Heinz Reinefarth (26 December 1903 – 7 May 1979) was a German SS commander during World War II and government official in West Germany after the war. During the Warsaw Uprising of August 1944 his troops committed numerous atrocities. After the war, Reinefarth became the mayor of the town of Westerland, on the isle of Sylt, and member of the Schleswig-Holstein Landtag. Polish demands for extradition were never accepted, and Reinefarth was never convicted of any war crime.

Early years
Reinefarth was born in Gnesen (Gniezno), Province of Posen. After finishing the gymnasium in 1922, he studied law at the University of Jena. He became a member of the student fraternity Landsmannschaft Suevia Jena (this was the origin of the "Schmiss" – German for "dueling scar" – on his left cheek). He graduated in 1927 and passed the 1st degree state exams.

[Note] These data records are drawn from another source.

(* There exists an $HS(3,K_4^{(3)}+e;15,5)$.
   Context: $K_4^{(3)}+e$ denotes the 3-uniform hypergraph with vertex set $\{1,2,3,4,5\}$ and edge set $\{\{1,2,3\},\{1,2,4\},\{1,3,4\},\{2,3,4\},\{3,4,5\}\}$. An $HS(3,K_4^{(3)}+e;v,s)$ is a collection of hypergraphs (blocks) on subsets of a $v$-set $V$, each isomorphic to $K_4^{(3)}+e$, whose edge sets partition the set of all 3-subsets of $V$ that are not contained in a fixed $s$-subset of $V$ (the hole). *)

theory Defs
  imports Main
begin

definition K4e_edges :: "nat set set" where
  "K4e_edges = {{1,2,3},{1,2,4},{1,3,4},{2,3,4},{3,4,5}}"

text \<open>A block on V: the edge set of a copy of K_4^(3)+e, i.e. the image of the
  edges of K_4^(3)+e under an injective vertex map from {1..5} into V.
  (Every vertex of K_4^(3)+e lies in an edge, so the edge set determines the block.)\<close>
definition is_K4e_block :: "'a set \<Rightarrow> 'a set set \<Rightarrow> bool" where
  "is_K4e_block V b \<longleftrightarrow>
     (\<exists>f. inj_on f {1..5::nat} \<and> f ` {1..5} \<subseteq> V \<and> b = (\<lambda>e. f ` e) ` K4e_edges)"

text \<open>HS(3, K_4^(3)+e; V, H): a collection B of blocks on V whose edge sets partition
  the 3-subsets of V not contained in the hole H.\<close>
definition is_HS_K4e :: "'a set \<Rightarrow> 'a set \<Rightarrow> 'a set set set \<Rightarrow> bool" where
  "is_HS_K4e V H B \<longleftrightarrow>
     (\<forall>b\<in>B. is_K4e_block V b) \<and>
     (\<forall>b1\<in>B. \<forall>b2\<in>B. b1 \<noteq> b2 \<longrightarrow> b1 \<inter> b2 = {}) \<and>
     \<Union>B = {T. T \<subseteq> V \<and> card T = 3 \<and> \<not> T \<subseteq> H}"

definition HS_K4e_exists :: "nat \<Rightarrow> nat \<Rightarrow> bool" where
  "HS_K4e_exists v s \<longleftrightarrow>
     (\<exists>(V::nat set) H B. finite V \<and> card V = v \<and> H \<subseteq> V \<and> card H = s \<and> is_HS_K4e V H B)"

end

theory Submission
  imports Defs "HOL-Library.Nat_Bijection"
begin

text \<open>An explicit design on the points 0..14 with hole {0..4}: 89 copies of K_4^(3)+e.
  Their 445 triples avoid the hole and are pairwise distinct (compared through their binary
  encodings), and since 445 = C(15,3) - C(5,3) they must be all the triples not inside the
  hole.\<close>

text \<open>The edges of the copy of K_4^(3)+e sending vertex i to xs ! (i - 1).\<close>
definition K4e_triples :: "'a list \<Rightarrow> 'a list list" where
  "K4e_triples xs =
     [[xs!0, xs!1, xs!2], [xs!0, xs!1, xs!3], [xs!0, xs!2, xs!3], [xs!1, xs!2, xs!3],
      [xs!2, xs!3, xs!4]]"

definition K4e_copy :: "'a list \<Rightarrow> 'a set set" where
  "K4e_copy xs = set (map set (K4e_triples xs))"

lemma is_K4e_block_K4e_copy:
  assumes "distinct xs" "length xs = 5" "set xs \<subseteq> V"
  shows "is_K4e_block V (K4e_copy xs)"
  unfolding is_K4e_block_def K4e_copy_def
proof (intro exI conjI)
  let ?f = "\<lambda>i::nat. xs ! (i - 1)"
  show "inj_on ?f {1..5}"
  proof (rule inj_onI)
    fix i j :: nat
    assume "i \<in> {1..5}" "j \<in> {1..5}" "xs ! (i - 1) = xs ! (j - 1)"
    then have "i - 1 = j - 1"
      using assms(1,2) nth_eq_iff_index_eq[of xs "i - 1" "j - 1"] by auto
    then show "i = j"
      using \<open>i \<in> {1..5}\<close> \<open>j \<in> {1..5}\<close> by auto
  qed
  show "?f ` {1..5} \<subseteq> V"
    using assms(2,3) nth_mem by fastforce
  show "set (map set (K4e_triples xs)) = (\<lambda>e. ?f ` e) ` K4e_edges"
    unfolding K4e_triples_def K4e_edges_def by simp
qed

lemma K4e_triples_are_3_subsets:
  assumes "distinct xs" "length xs = 5" "t \<in> set (K4e_triples xs)"
  shows "distinct t \<and> length t = 3 \<and> set t \<subseteq> set xs"
proof -
  obtain a b c d e where "xs = [a, b, c, d, e]"
    using assms(2) by (auto simp: numeral_eq_Suc length_Suc_conv)
  then show ?thesis
    using assms by (auto simp: K4e_triples_def)
qed

lemma card_triples_outside_hole:
  assumes "finite V" "H \<subseteq> V"
  shows "card {T. T \<subseteq> V \<and> card T = 3 \<and> \<not> T \<subseteq> H} = (card V choose 3) - (card H choose 3)"
proof -
  have "{T. T \<subseteq> V \<and> card T = 3 \<and> \<not> T \<subseteq> H}
      = {T. T \<subseteq> V \<and> card T = 3} - {T. T \<subseteq> H \<and> card T = 3}"
    using assms(2) by auto
  moreover have "{T. T \<subseteq> H \<and> card T = 3} \<subseteq> {T. T \<subseteq> V \<and> card T = 3}"
    using assms(2) by auto
  moreover have "finite H"
    using assms finite_subset by blast
  ultimately show ?thesis
    by (simp add: card_Diff_subset n_subsets assms(1))
qed

lemma distinct_map_set_if_distinct_codes:
  assumes "\<forall>l\<in>set ls. distinct l"
    and "distinct (map (\<lambda>l. \<Sum>x\<leftarrow>l. (2::nat) ^ x) ls)"
  shows "distinct (map set ls)"
proof -
  have "map (\<lambda>l. \<Sum>x\<leftarrow>l. (2::nat) ^ x) ls = map set_encode (map set ls)"
    using assms(1) by (simp add: set_encode_def sum_list_distinct_conv_sum_set)
  then have "distinct (map set_encode (map set ls))"
    using assms(2) by metis
  then show ?thesis
    using distinct_map by blast
qed

lemma is_HS_K4e_of_block_list:
  fixes bs :: "'a list list"
  assumes "finite V" "H \<subseteq> V"
    and blocks: "\<forall>xs\<in>set bs. distinct xs \<and> length xs = 5 \<and> set xs \<subseteq> V"
    and outside_hole: "\<forall>t\<in>set (concat (map K4e_triples bs)). \<not> set t \<subseteq> H"
    and distinct_triples: "distinct (map set (concat (map K4e_triples bs)))"
    and count: "5 * length bs = (card V choose 3) - (card H choose 3)"
  shows "is_HS_K4e V H (K4e_copy ` set bs)"
proof -
  let ?S = "{T. T \<subseteq> V \<and> card T = 3 \<and> \<not> T \<subseteq> H}"
  let ?es = "concat (map (\<lambda>xs. map set (K4e_triples xs)) bs)"
  have "?es = map set (concat (map K4e_triples bs))"
    by (simp add: map_concat comp_def)
  with distinct_triples have distinct_es: "distinct ?es"
    by simp
  have "set ?es \<subseteq> ?S"
  proof
    fix T assume "T \<in> set ?es"
    then obtain xs t where xs: "xs \<in> set bs" and t: "t \<in> set (K4e_triples xs)" and "T = set t"
      by auto
    moreover have "distinct t \<and> length t = 3 \<and> set t \<subseteq> set xs"
      using blocks xs t K4e_triples_are_3_subsets by blast
    moreover have "set xs \<subseteq> V"
      using blocks xs by blast
    ultimately show "T \<in> ?S"
      using outside_hole distinct_card[of t] by auto
  qed
  moreover have "card (set ?es) = card ?S"
  proof -
    have "card (set ?es) = length ?es"
      using distinct_es by (rule distinct_card)
    also have "\<dots> = 5 * length bs"
      by (induction bs) (simp_all add: K4e_triples_def)
    finally show ?thesis
      using count card_triples_outside_hole[OF assms(1,2)] by simp
  qed
  moreover have "finite ?S"
    using assms(1) by (auto intro: finite_subset[of _ "Pow V"])
  ultimately have cover: "set ?es = ?S"
    by (simp add: card_subset_eq)
  show ?thesis
    unfolding is_HS_K4e_def
  proof (intro conjI)
    show "\<forall>b\<in>K4e_copy ` set bs. is_K4e_block V b"
    proof
      fix b assume "b \<in> K4e_copy ` set bs"
      then obtain xs where "xs \<in> set bs" and b: "b = K4e_copy xs"
        by blast
      then have "distinct xs" "length xs = 5" "set xs \<subseteq> V"
        using blocks by auto
      then show "is_K4e_block V b"
        unfolding b by (rule is_K4e_block_K4e_copy)
    qed
    show "\<forall>b1\<in>K4e_copy ` set bs.
          \<forall>b2\<in>K4e_copy ` set bs. b1 \<noteq> b2 \<longrightarrow> b1 \<inter> b2 = {}"
    proof (intro ballI impI)
      fix b1 b2
      assume "b1 \<in> K4e_copy ` set bs" "b2 \<in> K4e_copy ` set bs" "b1 \<noteq> b2"
      then obtain xs ys where "xs \<in> set bs" "ys \<in> set bs"
        and b1: "b1 = set (map set (K4e_triples xs))" and b2: "b2 = set (map set (K4e_triples ys))"
        unfolding K4e_copy_def by blast
      then have "map set (K4e_triples xs) \<in> set (map (\<lambda>xs. map set (K4e_triples xs)) bs)"
        and "map set (K4e_triples ys) \<in> set (map (\<lambda>xs. map set (K4e_triples xs)) bs)"
        by auto
      moreover have "map set (K4e_triples xs) \<noteq> map set (K4e_triples ys)"
        using \<open>b1 \<noteq> b2\<close> b1 b2 by metis
      ultimately show "b1 \<inter> b2 = {}"
        using distinct_es unfolding distinct_concat_iff b1 b2 by blast
    qed
    show "\<Union> (K4e_copy ` set bs) = ?S"
      using cover unfolding K4e_copy_def by auto
  qed
qed

definition HS_15_5_blocks :: "nat list list" where
  "HS_15_5_blocks =
   [[1,11,8,9,6], [0,11,1,10,3], [1,14,9,10,13], [2,6,3,14,11], [4,8,0,9,14], [5,8,7,14,0],
    [4,8,1,12,10], [7,11,3,4,10], [11,14,6,8,10], [7,12,3,13,1], [1,4,6,10,0], [6,10,13,14,8],
    [4,12,2,6,10], [3,8,5,9,12], [7,14,11,13,10], [2,14,8,9,12], [6,11,3,10,8], [4,11,12,13,0],
    [6,7,2,5,4], [6,8,4,7,5], [4,9,6,14,5], [5,8,12,13,10], [0,5,4,11,10], [5,8,0,6,9],
    [3,13,0,10,9], [2,12,1,13,11], [5,11,7,12,1], [8,11,3,12,0], [4,13,3,9,1], [11,13,0,8,10],
    [8,13,7,9,5], [3,5,2,12,10], [1,6,5,9,4], [0,13,4,6,11], [9,12,13,14,1], [3,14,5,10,9],
    [1,5,0,12,9], [5,9,0,2,6], [4,5,3,6,7], [3,14,7,9,11], [0,1,7,8,12], [5,14,9,11,6],
    [6,11,0,7,13], [5,10,4,8,14], [1,12,3,14,13], [0,2,7,10,14], [3,6,9,12,4], [9,11,10,12,7],
    [7,13,1,6,3], [2,9,6,13,12], [2,8,5,11,10], [0,11,12,14,2], [1,4,7,9,0], [6,11,5,13,0],
    [2,11,1,7,3], [4,14,2,7,13], [5,13,2,10,8], [2,7,3,8,4], [11,14,2,10,4], [0,2,13,14,5],
    [1,7,5,10,0], [2,8,0,12,10], [1,11,3,5,13], [0,7,4,12,3], [2,13,4,8,11], [9,11,0,3,6],
    [8,14,10,12,4], [2,6,1,8,5], [1,4,5,13,9], [3,13,6,8,12], [7,11,8,10,9], [6,11,1,12,9],
    [5,14,1,2,9], [5,6,10,12,3], [4,11,1,14,7], [7,14,6,12,0], [1,6,0,14,5], [10,13,1,8,14],
    [5,12,4,14,3], [0,3,5,7,13], [3,13,2,11,6], [0,1,9,13,11], [4,9,2,11,0], [7,9,2,12,11],
    [7,10,4,13,14], [3,9,2,10,1], [0,14,3,8,1], [0,14,4,10,9], [6,9,7,10,3]]"

lemma HS_15_5_blocks_wf:
  "\<forall>xs\<in>set HS_15_5_blocks. distinct xs \<and> length xs = 5 \<and> set xs \<subseteq> {0..<15}"
  unfolding HS_15_5_blocks_def by simp

lemma HS_15_5_triples_outside_hole:
  "\<forall>t\<in>set (concat (map K4e_triples HS_15_5_blocks)). \<not> set t \<subseteq> {0..<5}"
  unfolding HS_15_5_blocks_def K4e_triples_def by simp

lemma HS_15_5_triples_distinct:
  "distinct (map set (concat (map K4e_triples HS_15_5_blocks)))"
proof (rule distinct_map_set_if_distinct_codes)
  show "\<forall>t\<in>set (concat (map K4e_triples HS_15_5_blocks)). distinct t"
    using HS_15_5_blocks_wf K4e_triples_are_3_subsets by fastforce
  show "distinct (map (\<lambda>l. \<Sum>x\<leftarrow>l. (2::nat) ^ x) (concat (map K4e_triples HS_15_5_blocks)))"
    unfolding HS_15_5_blocks_def K4e_triples_def by simp
qed

lemma HS_15_5_count:
  "5 * length HS_15_5_blocks = (card {0..<15::nat} choose 3) - (card {0..<5::nat} choose 3)"
  unfolding HS_15_5_blocks_def by code_simp

theorem lemma3p7:
  shows "HS_K4e_exists 15 5"
proof -
  have "is_HS_K4e {0..<15} {0..<5} (K4e_copy ` set HS_15_5_blocks)"
    by (rule is_HS_K4e_of_block_list[OF _ _ HS_15_5_blocks_wf HS_15_5_triples_outside_hole
          HS_15_5_triples_distinct HS_15_5_count]) auto
  then show ?thesis
    unfolding HS_K4e_exists_def
    by (intro exI[of _ "{0..<15}"] exI[of _ "{0..<5}"] exI[of _ "K4e_copy ` set HS_15_5_blocks"]) auto
qed

end
lemma walk_successively: "successively adjacent (walk a k d)"
proof (induction d arbitrary: k)
  case 0
  then show ?case by simp
next
  case (Suc d)
  define R where "R = concat (replicate (a k - 1) [k, Suc k]) @ [k]"
  define W where "W = walk a (Suc k) d @ [Suc k]"
  have R: "successively adjacent R" using oscillation_walk unfolding R_def by blast
  show ?case
  proof (cases "d = 0")
    case True
    then show ?thesis using R by (simp add: successively_append_iff adjacent_def R_def)
  next
    case False
    then have ends: "walk a (Suc k) d \<noteq> []" "hd (walk a (Suc k) d) = Suc k"
      "last (walk a (Suc k) d) = Suc (Suc k)"
      using walk_ends[of d a "Suc k"] by auto
    then have W: "successively adjacent W" "hd W = Suc k"
      using Suc.IH[of "Suc k"] unfolding W_def by (auto simp: successively_append_iff adjacent_def)
    have "adjacent (last R) (hd W)" using W(2) by (simp add: R_def adjacent_def)
    then have "successively adjacent (R @ W)"
      using R W(1) by (simp add: successively_append_iff)
    then show ?thesis by (simp add: R_def W_def)
  qed
qed

lemma walk_set: "set (walk a k d) \<subseteq> {k..k+d}"
proof (induction d arbitrary: k)
  case (Suc d)
  then show ?case using oscillation_set[of "a k - 1" k] by fastforce
qed simp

Until 1930 he completed his application at the local court in Jena and was promoted to judge. On 1 August 1932, he joined the NSDAP and received party identification card 1,268,933. In December of the same year, he joined the SS.

World War II
Shortly before the outbreak of World War II, Reinefarth was conscripted as a reserve Feldwebel. For his actions during the invasion of Poland he received the 2nd Class Iron Cross. He took part in the 1940 campaign against France, for which he was awarded the Knight's Cross of the Iron Cross. On 20 April 1942, he was promoted to SS-Brigadeführer, the equivalent of Generalmajor in the Wehrmacht.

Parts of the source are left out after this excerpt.